Tables 7 and 8 report on the performance of those three models, measuring the precision, recall, and f-measure for each of the ten classes as well as the weighted average (Eqs. 7 to 9) across all classes based on the test distribution. For the models trained on the balanced dataset (Table 7), we observe that all three models achieve an average f-measure of more than 0.44. The LSTMC with 0.56 and the LSTMCes with 0.55 slightly outperform the random forest with 0.44. While the LSTMC and LSTMCes only slightly differ regarding precision, RFC yields a lower recall. Furthermore, there are differences on how the models perform for different classes. Class 5 is a challenge for all models, resulting in f-measures lower than 0.25. In contrast with RFC, LSTMC and LSTMCes recognize class 0 fairly well. This is an unexpected behavior since class 0 is in fact the synthetic class containing several error codes.
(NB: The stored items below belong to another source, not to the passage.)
lemma mpderiv_funpow_eq_0:
  assumes "\<forall>m\<in>Poly_Mapping.keys p. Poly_Mapping.lookup m i < k"
  shows "(mpderiv i ^^ k) p = (0::'a::comm_ring_1 mpoly)"
  using assms
proof (induction k arbitrary: p)
  case 0
  then show ?case by auto
next
  case (Suc k)
  have "Poly_Mapping.lookup m' i < k" if m': "m' \<in> Poly_Mapping.keys (mpderiv i p)" for m'
  proof -
    obtain m where m: "m \<in> Poly_Mapping.keys p" and "m' \<in> Poly_Mapping.keys
        (Poly_Mapping.single (m - Poly_Mapping.single i 1)
           (of_nat (Poly_Mapping.lookup m i) * Poly_Mapping.lookup p m :: 'a))"
      using m' keys_sum[of "\<lambda>m. Poly_Mapping.single (m - Poly_Mapping.single i 1)
          (of_nat (Poly_Mapping.lookup m i) * Poly_Mapping.lookup p m :: 'a)" "Poly_Mapping.keys p"]
      unfolding mpderiv_def by blast
    then have "m' = m - Poly_Mapping.single i 1" "Poly_Mapping.lookup m i \<noteq> 0"
      by (auto split: if_splits) (metis mult_zero_left of_nat_0 not_gr0)
    with m Suc.prems show ?thesis
      by (auto simp: lookup_minus)
  qed
  then show ?case
    using Suc.IH by (simp add: funpow_Suc_right del: funpow.simps)
qed

lemma funpow_scaled_mpderiv:
  "((\<lambda>p. mConst c * mpderiv i p) ^^ k) p = mConst (c ^ k) * (mpderiv i ^^ k) (p::'a::comm_ring_1 mpoly)"
  by (induction k) (auto simp: mpderiv_mult mConst_mult mult.assoc)

lemma scaled_mpderiv_locally_nilpotent:
  "\<exists>k. ((\<lambda>p. mConst c * mpderiv i p) ^^ k) p = (0::'a::comm_ring_1 mpoly)"
proof
  let ?k = "Suc (\<Sum>m\<in>Poly_Mapping.keys p. Poly_Mapping.lookup m i)"
  have "\<forall>m\<in>Poly_Mapping.keys p. Poly_Mapping.lookup m i < ?k"
    using member_le_sum[of _ "Poly_Mapping.keys p" "\<lambda>m. Poly_Mapping.lookup m i"]
    by (simp add: le_imp_less_Suc)
  then have "(mpderiv i ^^ ?k) p = 0"
    by (rule mpderiv_funpow_eq_0)
  then show "((\<lambda>p. mConst c * mpderiv i p) ^^ ?k) p = 0"
    by (simp only: funpow_scaled_mpderiv mult_zero_right)
qed
text \<open>W_o(n); only neighbours y contribute since mu x y = 0 otherwise.\<close>
definition W_o :: "('v \<Rightarrow> 'v \<Rightarrow> bool) \<Rightarrow> ('v \<Rightarrow> 'v \<Rightarrow> real) \<Rightarrow> 'v \<Rightarrow> nat \<Rightarrow> real" where
  "W_o adj mu o' n = (\<Sum>x\<in>ball_g adj o' n.
       \<Sum>y\<in>{y. adj x y \<and> gdist adj o' x < gdist adj o' y}. mu x y)"

definition m_laplacian :: "('v \<Rightarrow> 'v \<Rightarrow> bool) \<Rightarrow> ('v \<Rightarrow> 'v \<Rightarrow> real) \<Rightarrow> real \<Rightarrow> ('v \<Rightarrow> real) \<Rightarrow> 'v \<Rightarrow> real" where
  "m_laplacian adj mu m u x = (1 / vmeasure adj mu x) *
     (\<Sum>y\<in>{y. adj x y}. mu x y * \<bar>u y - u x\<bar> powr (m - 2) * (u y - u x))"

definition grad_norm :: "('v \<Rightarrow> 'v \<Rightarrow> bool) \<Rightarrow> ('v \<Rightarrow> 'v \<Rightarrow> real) \<Rightarrow> ('v \<Rightarrow> real) \<Rightarrow> 'v \<Rightarrow> real" where
  "grad_norm adj mu u x = sqrt (\<Sum>y\<in>{y. adj x y}. mu x y / (2 * vmeasure adj mu x) * (u y - u x)\<^sup>2)"

text \<open>Nontrivial positive solution of Delta_m u + u^p |grad u|^q <= 0, with conventions
  0^0 = 1, 0^q = 0 for q > 0, and failure where the gradient vanishes if q < 0.\<close>
definition nontrivial_pos_solution ::
  "('v \<Rightarrow> 'v \<Rightarrow> bool) \<Rightarrow> ('v \<Rightarrow> 'v \<Rightarrow> real) \<Rightarrow> real \<Rightarrow> real \<Rightarrow> real \<Rightarrow> ('v \<Rightarrow> real) \<Rightarrow> bool" where
  "nontrivial_pos_solution adj mu m p q u \<longleftrightarrow>
     (\<forall>x. u x > 0) \<and> (\<exists>x y. u x \<noteq> u y) \<and>
     (\<forall>x. let g = grad_norm adj mu u x in
        \<not> (q < 0 \<and> g = 0) \<and>
        m_laplacian adj mu m u x + u x powr p * (if g = 0 then (if q = 0 then 1 else 0) else g powr q) \<le> 0)"

end

theory Submission
  imports Defs "HOL-Real_Asymp.Real_Asymp"
begin

(* Truncating a nonconstant positive solution u at M = max (u a) (u b), where u a and u b differ,
   gives a bounded nonconstant v = min u M with
     \<Sum>y. mu x y |v y - v x|^(m-2) (v y - v x)  \<le>  -c \<Sum>y. mu x y |v y - v x|^(m-1)
   for some 0 < c < 1.  Where u \<le> M this holds because u^p \<ge> M^p (as p < 0) and (p_0) bounds every
   |u y - u x| by a multiple of |\<nabla>u(x)|, so the term u^p |\<nabla>u|^(m-1) dominates the (m-1)-energy of v
   at x; where u > M, v is at its maximum.
   Summing over the ball B(n), the antisymmetric fluxes between vertices of the ball cancel, so
   c A(n) is at most the energy on the edges leaving B(n), where A(n) is the (m-1)-energy of v in B(n).
   That boundary energy is at most A(n+1) - A(n), forcing A to grow geometrically, and at most
   M^(m-1) W_o(n), which grows polynomially: a contradiction. *)

lemma weighted_graphD:
  assumes "weighted_graph adj mu"
  shows "finite {y. adj x y}" and "\<exists>n. (adj ^^ n) x y"
    and "mu x y = mu y x" and "mu x y \<ge> 0" and "mu x y > 0 \<longleftrightarrow> adj x y"
  using assms unfolding weighted_graph_def by blast+

lemma weighted_graph_mu_eq_0:
  assumes "weighted_graph adj mu" and "\<not> adj x y"
  shows "mu x y = 0"
  using weighted_graphD(4,5)[OF assms(1), of x y] assms(2) by linarith

lemma weighted_graph_eq_if_adj_eq:
  assumes "weighted_graph adj mu" and "\<And>x y. adj x y \<Longrightarrow> v y = v x"
  shows "v a = v b"
proof -
  have "(adj ^^ n) a y \<Longrightarrow> v y = v a" for n y
    by (induction n arbitrary: y) (auto dest: assms(2))
  then show ?thesis using weighted_graphD(2)[OF assms(1), of a b] by metis
qed

lemma vmeasure_nonneg:
  assumes "weighted_graph adj mu"
  shows "vmeasure adj mu x \<ge> 0"
  unfolding vmeasure_def using weighted_graphD(4)[OF assms] by (intro sum_nonneg) auto

lemma mu_le_vmeasure:
  assumes "weighted_graph adj mu" and "adj x y"
  shows "mu x y \<le> vmeasure adj mu x"
  unfolding vmeasure_def
  by (rule member_le_sum) (use assms weighted_graphD(1,4)[OF assms(1)] in auto)

lemma vmeasure_mult_m_laplacian:
  assumes "weighted_graph adj mu"
  shows "vmeasure adj mu x * m_laplacian adj mu m u x
    = (\<Sum>y\<in>{y. adj x y}. mu x y * \<bar>u y - u x\<bar> powr (m - 2) * (u y - u x))"
proof (cases "{y. adj x y} = {}")
  case False
  then obtain y where "adj x y" by blast
  then have "vmeasure adj mu x > 0"
    using mu_le_vmeasure[OF assms] weighted_graphD(5)[OF assms] by (meson less_le_trans)
  then show ?thesis unfolding m_laplacian_def by simp
qed (simp add: vmeasure_def)

lemma relpowp_gdist:
  assumes "weighted_graph adj mu"
  shows "(adj ^^ gdist adj x y) x y"
  unfolding gdist_def using weighted_graphD(2)[OF assms] by (rule LeastI_ex)

lemma gdist_le: "(adj ^^ n) x y \<Longrightarrow> gdist adj x y \<le> n"
  unfolding gdist_def by (rule Least_le)

lemma gdist_adj_le:
  assumes "weighted_graph adj mu" and "adj y z"
  shows "gdist adj x z \<le> Suc (gdist adj x y)"
  using relpowp_gdist[OF assms(1), of x y] assms(2) by (intro gdist_le) auto

lemma ball_g_0:
  assumes "weighted_graph adj mu"
  shows "ball_g adj o' 0 = {o'}"
proof -
  have "x = o'" if "gdist adj o' x = 0" for x
    using relpowp_gdist[OF assms, of o' x] that by simp
  moreover have "gdist adj o' o' = 0" using gdist_le[of 0 adj o' o'] by simp
  ultimately show ?thesis unfolding ball_g_def by auto
qed

lemma ball_g_Suc_subset:
  assumes "weighted_graph adj mu"
  shows "ball_g adj o' (Suc n) \<subseteq> ball_g adj o' n \<union> (\<Union>z\<in>ball_g adj o' n. {y. adj z y})"
proof
  fix x assume x: "x \<in> ball_g adj o' (Suc n)"
  show "x \<in> ball_g adj o' n \<union> (\<Union>z\<in>ball_g adj o' n. {y. adj z y})"
  proof (cases "gdist adj o' x \<le> n")
    case False
    with x have "(adj ^^ Suc n) o' x"
      using relpowp_gdist[OF assms, of o' x] unfolding ball_g_def by (simp add: le_Suc_eq)
    then obtain z where "(adj ^^ n) o' z" and "adj z x" by auto
    then have "z \<in> ball_g adj o' n" by (simp add: ball_g_def gdist_le)
    with \<open>adj z x\<close> show ?thesis by blast
  qed (simp add: ball_g_def)
qed

lemma finite_ball_g:
  assumes "weighted_graph adj mu"
  shows "finite (ball_g adj o' n)"
proof (induction n)
  case 0
  then show ?case using ball_g_0[OF assms] by simp
next
  case (Suc n)
  show ?case
    by (rule finite_subset[OF ball_g_Suc_subset[OF assms]]) (simp add: Suc weighted_graphD(1)[OF assms])
qed

lemma abs_powr_mult_self:
  fixes t m :: real
  shows "\<bar>t\<bar> powr (m - 2) * t = sgn t * \<bar>t\<bar> powr (m - 1)"
proof (cases "t = 0")
  case False
  have "\<bar>t\<bar> powr (m - 1) = \<bar>t\<bar> powr ((m - 2) + 1)" by simp
  also have "\<dots> = \<bar>t\<bar> powr (m - 2) * \<bar>t\<bar>" using False by (subst powr_add) simp
  finally show ?thesis using False by (simp add: sgn_if)
qed simp

lemma abs_powr_mult_self_nonneg:
  fixes t m :: real
  assumes "t \<ge> 0"
  shows "\<bar>t\<bar> powr (m - 2) * t = \<bar>t\<bar> powr (m - 1)"
  unfolding abs_powr_mult_self using assms by (cases "t = 0") auto

lemma abs_powr_mult_self_nonpos:
  fixes t m :: real
  assumes "t \<le> 0"
  shows "\<bar>t\<bar> powr (m - 2) * t = - (\<bar>t\<bar> powr (m - 1))"
  unfolding abs_powr_mult_self using assms by (cases "t = 0") auto

lemma abs_powr_mult_self_ge:
  fixes t m :: real
  shows "- (\<bar>t\<bar> powr (m - 1)) \<le> \<bar>t\<bar> powr (m - 2) * t"
proof (cases "t \<le> 0")
  case True
  then show ?thesis by (simp only: abs_powr_mult_self_nonpos order.refl)
next
  case False
  then show ?thesis by (simp only: abs_powr_mult_self_nonneg) simp
qed

lemma abs_powr_mult_self_mono:
  fixes s t m :: real
  assumes "m \<ge> 1" and "t \<le> s"
  shows "\<bar>t\<bar> powr (m - 2) * t \<le> \<bar>s\<bar> powr (m - 2) * s"
proof -
  consider "0 \<le> t" | "s \<le> 0" | "t \<le> 0" "0 \<le> s" by linarith
  then show ?thesis
  proof cases
    case 1
    then have "\<bar>t\<bar> powr (m - 1) \<le> \<bar>s\<bar> powr (m - 1)" using assms by (intro powr_mono2) auto
    then show ?thesis using 1 assms(2) by (simp only: abs_powr_mult_self_nonneg)
  next
    case 2
    then have "\<bar>s\<bar> powr (m - 1) \<le> \<bar>t\<bar> powr (m - 1)" using assms by (intro powr_mono2) auto
    then show ?thesis using 2 assms(2) by (simp only: abs_powr_mult_self_nonpos neg_le_iff_le)
  next
    case 3
    have "- (\<bar>t\<bar> powr (m - 1)) \<le> \<bar>s\<bar> powr (m - 1)"
      using powr_ge_zero[of "\<bar>t\<bar>"] powr_ge_zero[of "\<bar>s\<bar>"] by (smt (verit))
    then show ?thesis using 3 by (simp only: abs_powr_mult_self_nonpos abs_powr_mult_self_nonneg)
  qed
qed

lemma sum_neighbours_antisym:
  fixes h :: "'v \<Rightarrow> 'v \<Rightarrow> real"
  assumes "finite B" and fin: "\<And>x. finite {y. adj x y}"
    and antisym: "\<And>x y. h y x = - h x y" and zero: "\<And>x y. \<not> adj x y \<Longrightarrow> h x y = 0"
  shows "(\<Sum>x\<in>B. \<Sum>y\<in>{y. adj x y}. h x y) = (\<Sum>x\<in>B. \<Sum>y\<in>{y. adj x y} - B. h x y)"
proof -
  have "(\<Sum>x\<in>B. \<Sum>y\<in>B. h x y) = (\<Sum>y\<in>B. \<Sum>x\<in>B. h x y)" by (rule sum.swap)
  also have "\<dots> = (\<Sum>y\<in>B. \<Sum>x\<in>B. - h y x)" by (intro sum.cong refl antisym)
  also have "\<dots> = - (\<Sum>y\<in>B. \<Sum>x\<in>B. h y x)" by (simp add: sum_negf)
  finally have inner: "(\<Sum>x\<in>B. \<Sum>y\<in>B. h x y) = 0" by simp
  have "(\<Sum>y\<in>{y. adj x y}. h x y) = (\<Sum>y\<in>B. h x y) + (\<Sum>y\<in>{y. adj x y} - B. h x y)" for x
  proof -
    have "(\<Sum>y\<in>{y. adj x y} \<inter> B. h x y) = (\<Sum>y\<in>B. h x y)"
      by (rule sum.mono_neutral_left) (use assms(1) fin zero in auto)
    then show ?thesis using sum.Int_Diff[OF fin, of "h x" x B] by simp
  qed
  then show ?thesis using inner by (simp add: sum.distrib)
qed

definition vertex_energy ::
  "('v \<Rightarrow> 'v \<Rightarrow> bool) \<Rightarrow> ('v \<Rightarrow> 'v \<Rightarrow> real) \<Rightarrow> real \<Rightarrow> ('v \<Rightarrow> real) \<Rightarrow> 'v \<Rightarrow> real" where
  "vertex_energy adj mu m v x = (\<Sum>y\<in>{y. adj x y}. mu x y * \<bar>v y - v x\<bar> powr (m - 1))"

definition ball_energy ::
  "('v \<Rightarrow> 'v \<Rightarrow> bool) \<Rightarrow> ('v \<Rightarrow> 'v \<Rightarrow> real) \<Rightarrow> real \<Rightarrow> ('v \<Rightarrow> real) \<Rightarrow> 'v \<Rightarrow> nat \<Rightarrow> real" where
  "ball_energy adj mu m v o' n = (\<Sum>x\<in>ball_g adj o' n. vertex_energy adj mu m v x)"

definition boundary_energy ::
  "('v \<Rightarrow> 'v \<Rightarrow> bool) \<Rightarrow> ('v \<Rightarrow> 'v \<Rightarrow> real) \<Rightarrow> real \<Rightarrow> ('v \<Rightarrow> real) \<Rightarrow> 'v \<Rightarrow> nat \<Rightarrow> real" where
  "boundary_energy adj mu m v o' n =
     (\<Sum>x\<in>ball_g adj o' n. \<Sum>y\<in>{y. adj x y} - ball_g adj o' n. mu x y * \<bar>v y - v x\<bar> powr (m - 1))"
On the imbalanced dataset, the RFC exhibits an average f-measure of 0.61. The f-measures of LSTMC and LSTMCes differ only slightly, but more than on the balanced dataset. LSTMCes outperforms RFC by 0.15. The performance gap between the LSTMCes and RFC in comparison with the balanced dataset only slightly increases by 0.03. The precision of class 0 decreases across all models, while the f-measure significantly increases. However, the f-measure of class 5 almost decreases to 0 for RFC. The metrics that are insensitive to class imbalance (Table 8) reveal that the LSTMCs fairly well handle the imbalanced dataset. In comparison with the balanced dataset, especially the performance of class 9 increased significantly, although the number of samples used for training remains the same for both datasets.

Table 7 Precision, recall, and f-measure of different models on the balanced dataset
Table 8 Precision, recall, and f-measure of different models on the imbalanced dataset

Figures 4 and 5 show the confusion matrices of the LSTMCes (on the left) and the RFC (in the center) as well as the differences between them (on the right) for both the balanced and the imbalanced dataset. These matrices provide more details on how the models performed with respect to the individual classes. We are able to see which classes the models most often confuse. Since LSTMC and LSTMCes performed equally well, we only show the LSTMCes here.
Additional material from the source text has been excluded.